* WORK TASK
Output every line from the beginning of the records through the line that contains "(if \<exists>d. antisym_vanishes a n d", exactly as it appears.

* ENTRIES SHOWN
text \<open>alpha(cl(h o e^-_{N,d+1})) = 0 for all h in End(N^(d+1)), N = n circles.\<close>
definition antisym_vanishes :: "(nat \<Rightarrow> 'k::comm_ring_1) \<Rightarrow> nat \<Rightarrow> nat \<Rightarrow> bool" where
  "antisym_vanishes a n d \<longleftrightarrow>
     (\<forall>c cmp gen. endo_wf (n * Suc d) c cmp \<longrightarrow>
        (\<Sum>\<sigma>\<in>{\<sigma>. \<sigma> permutes {..<Suc d}}.
            of_int (sign \<sigma>) * eval_closure a n (n * Suc d) \<sigma> c cmp gen) = 0)"

definition deg_alpha :: "(nat \<Rightarrow> 'k::comm_ring_1) \<Rightarrow> nat \<Rightarrow> enat" where
  "deg_alpha a n = (if \<exists>d. antisym_vanishes a n d
                    then enat (LEAST d. antisym_vanishes a n d) else \<infinity>)"

definition pseudocharacter :: "(nat \<Rightarrow> 'k::comm_ring_1) \<Rightarrow> bool" where
  "pseudocharacter a \<longleftrightarrow> (\<forall>n. deg_alpha a n < \<infinity>)"

definition Z_alpha :: "(nat \<Rightarrow> 'k::comm_ring_1) \<Rightarrow> 'k fps" where
  "Z_alpha a = Abs_fps a"

end

theory Submission
  imports Defs
begin

text \<open>If \<open>a g = (\<Sum>j<R. \<gamma> j powi (g - 1))\<close> with all \<open>\<gamma> j \<noteq> 0\<close>, the value of \<open>a\<close> on a closed
  surface is a state sum over colourings of its pieces by \<open>{..<R}\<close> that agree across every
  gluing circle, a piece of genus \<open>h\<close> with \<open>b\<close> outgoing circles contributing \<open>\<gamma> powi (h + b - 1)\<close>
  in its colour. If \<open>N\<close> has \<open>n\<close> circles and \<open>d \<ge> R ^ n\<close>, two of the \<open>d + 1\<close> copies of \<open>N\<close>
  receive the same colouring of their outgoing circles, and the transposition exchanging them
  cancels that colouring in the antisymmetrised closure; hence \<open>deg_alpha a n \<le> R ^ n\<close>.

  The required sequence is the value at \<open>e = 0\<close> of a polynomial family of such sequences: for
  \<open>e \<noteq> 0\<close> take the \<open>lam i\<close> with multiplicities \<open>ms i\<close>, \<open>m - 2\<close> copies of \<open>e\<close>, and the two roots
  of \<open>r\<^sup>2 - (mu e\<^sup>2 - (m - 2) e) r + e\<^sup>2\<close>. The number \<open>R = m + (\<Sum>i<s. ms i)\<close> of colours does
  not depend on \<open>e\<close>, and the vanishing of the antisymmetrised closures is a polynomial identity
  in \<open>e\<close>, so it persists at \<open>e = 0\<close>.\<close>

section \<open>Components of a gluing graph\<close>

lemma card_component_le_card_edges:
  fixes src tgt :: "nat \<Rightarrow> 'a" and K :: nat
  defines "G \<equiv> {(src i, tgt i) | i. i < K}"
  shows "card ((G \<union> G\<inverse>)\<^sup>* `` {r}) \<le> card {i. i < K \<and> src i \<in> (G \<union> G\<inverse>)\<^sup>* `` {r}} + 1"
proof -
  define E where "E = G \<union> G\<inverse>"
  define C where "C = E\<^sup>* `` {r}"
  have "C \<subseteq> insert r (src ` {..<K} \<union> tgt ` {..<K})"
  proof
    fix v assume "v \<in> C"
    then have "(r, v) \<in> E\<^sup>*" by (simp add: C_def)
    then show "v \<in> insert r (src ` {..<K} \<union> tgt ` {..<K})"
      by (cases rule: rtranclE) (auto simp: E_def G_def)
  qed
  then have "finite C" by (rule finite_subset) simp
  define dist where "dist v = (LEAST k. (r, v) \<in> E ^^ k)" for v
  have dist: "(r, v) \<in> E ^^ dist v" if "v \<in> C" for v
    using that unfolding dist_def C_def by (auto simp: rtrancl_power intro: LeastI_ex)
  have "\<exists>i<K. src i \<in> C \<and> (src i = v \<and> dist (tgt i) < dist v \<or> tgt i = v \<and> dist (src i) < dist v)"
    if v: "v \<in> C" "v \<noteq> r" for v
  proof -
    obtain k where k: "dist v = Suc k"
      using dist[OF v(1)] v(2) by (cases "dist v") auto
    then obtain w where w: "(r, w) \<in> E ^^ k" "(w, v) \<in> E"
      using dist[OF v(1)] by (metis relpow_Suc_E)
    have "w \<in> C" using w(1) by (auto simp: C_def rtrancl_power)
    moreover have "dist w < dist v"
      using w(1) k unfolding dist_def by (metis Least_le less_Suc_eq_le)
    ultimately show ?thesis
      using w(2) v(1) by (auto simp: E_def G_def)
  qed
  then obtain e where e: "\<And>v. v \<in> C - {r} \<Longrightarrow> e v < K \<and> src (e v) \<in> C \<and>
      (src (e v) = v \<and> dist (tgt (e v)) < dist v \<or> tgt (e v) = v \<and> dist (src (e v)) < dist v)"
    by (metis DiffE singletonI)
  have "inj_on e (C - {r})"
  proof (rule inj_onI)
    fix v w assume "v \<in> C - {r}" "w \<in> C - {r}" "e v = e w"
    then show "v = w" using e[of v] e[of w] by auto
  qed
  moreover have "e ` (C - {r}) \<subseteq> {i. i < K \<and> src i \<in> C}" using e by auto
  ultimately have "card (C - {r}) \<le> card {i. i < K \<and> src i \<in> C}"
    by (intro card_inj_on_le) auto
  moreover have "r \<in> C" by (simp add: C_def)
  ultimately show ?thesis
    using \<open>finite C\<close> by (simp add: C_def E_def card_Diff_singleton)
qed

lemma component_closed:
  fixes src tgt :: "nat \<Rightarrow> 'a" and K :: nat
  defines "G \<equiv> {(src i, tgt i) | i. i < K}"
  assumes "\<forall>i<K. src i \<in> V \<and> tgt i \<in> V" and "(x, y) \<in> (G \<union> G\<inverse>)\<^sup>*" and "x \<in> V"
  shows "y \<in> V"
  using assms(3,4) by induction (use assms(2) in \<open>auto simp: G_def\<close>)

lemma equiv_components:
  fixes src tgt :: "nat \<Rightarrow> 'a" and K :: nat
  defines "G \<equiv> {(src i, tgt i) | i. i < K}"
  assumes "\<forall>i<K. src i \<in> V \<and> tgt i \<in> V"
  shows "equiv V (Restr ((G \<union> G\<inverse>)\<^sup>*) V)"
    and "V // Restr ((G \<union> G\<inverse>)\<^sup>*) V = V // (G \<union> G\<inverse>)\<^sup>*"
proof -
  have "sym ((G \<union> G\<inverse>)\<^sup>*)" by (intro sym_rtrancl) (auto simp: sym_def)
  then show "equiv V (Restr ((G \<union> G\<inverse>)\<^sup>*) V)"
    by (auto simp: equiv_def refl_on_def sym_def trans_def intro: rtrancl_trans)
  have "Restr ((G \<union> G\<inverse>)\<^sup>*) V `` {x} = (G \<union> G\<inverse>)\<^sup>* `` {x}" if "x \<in> V" for x
    using component_closed[OF assms(2) _ that] that by (auto simp: G_def)
  then show "V // Restr ((G \<union> G\<inverse>)\<^sup>*) V = V // (G \<union> G\<inverse>)\<^sup>*"
    by (simp add: quotient_def)
qed

lemma respects_components_iff:
  fixes src tgt :: "nat \<Rightarrow> 'a" and K :: nat
  defines "G \<equiv> {(src i, tgt i) | i. i < K}"
  assumes "\<forall>i<K. src i \<in> V \<and> tgt i \<in> V"
  shows "\<kappa> respects Restr ((G \<union> G\<inverse>)\<^sup>*) V \<longleftrightarrow> (\<forall>i<K. \<kappa> (src i) = \<kappa> (tgt i))"
proof
  assume "\<kappa> respects Restr ((G \<union> G\<inverse>)\<^sup>*) V"
  then show "\<forall>i<K. \<kappa> (src i) = \<kappa> (tgt i)"
    using assms(2) by (force simp: congruent_def G_def)
next
  assume compat: "\<forall>i<K. \<kappa> (src i) = \<kappa> (tgt i)"
  have "\<kappa> x = \<kappa> y" if "(x, y) \<in> (G \<union> G\<inverse>)\<^sup>*" for x y
    using that by induction (use compat in \<open>auto simp: G_def\<close>)
  then show "\<kappa> respects Restr ((G \<union> G\<inverse>)\<^sup>*) V"
    by (auto simp: congruent_def)
qed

* ANSWER FOR THIS EXERCISE
text \<open>alpha(cl(h o e^-_{N,d+1})) = 0 for all h in End(N^(d+1)), N = n circles.\<close>
definition antisym_vanishes :: "(nat \<Rightarrow> 'k::comm_ring_1) \<Rightarrow> nat \<Rightarrow> nat \<Rightarrow> bool" where
  "antisym_vanishes a n d \<longleftrightarrow>
     (\<forall>c cmp gen. endo_wf (n * Suc d) c cmp \<longrightarrow>
        (\<Sum>\<sigma>\<in>{\<sigma>. \<sigma> permutes {..<Suc d}}.
            of_int (sign \<sigma>) * eval_closure a n (n * Suc d) \<sigma> c cmp gen) = 0)"

definition deg_alpha :: "(nat \<Rightarrow> 'k::comm_ring_1) \<Rightarrow> nat \<Rightarrow> enat" where
  "deg_alpha a n = (if \<exists>d. antisym_vanishes a n d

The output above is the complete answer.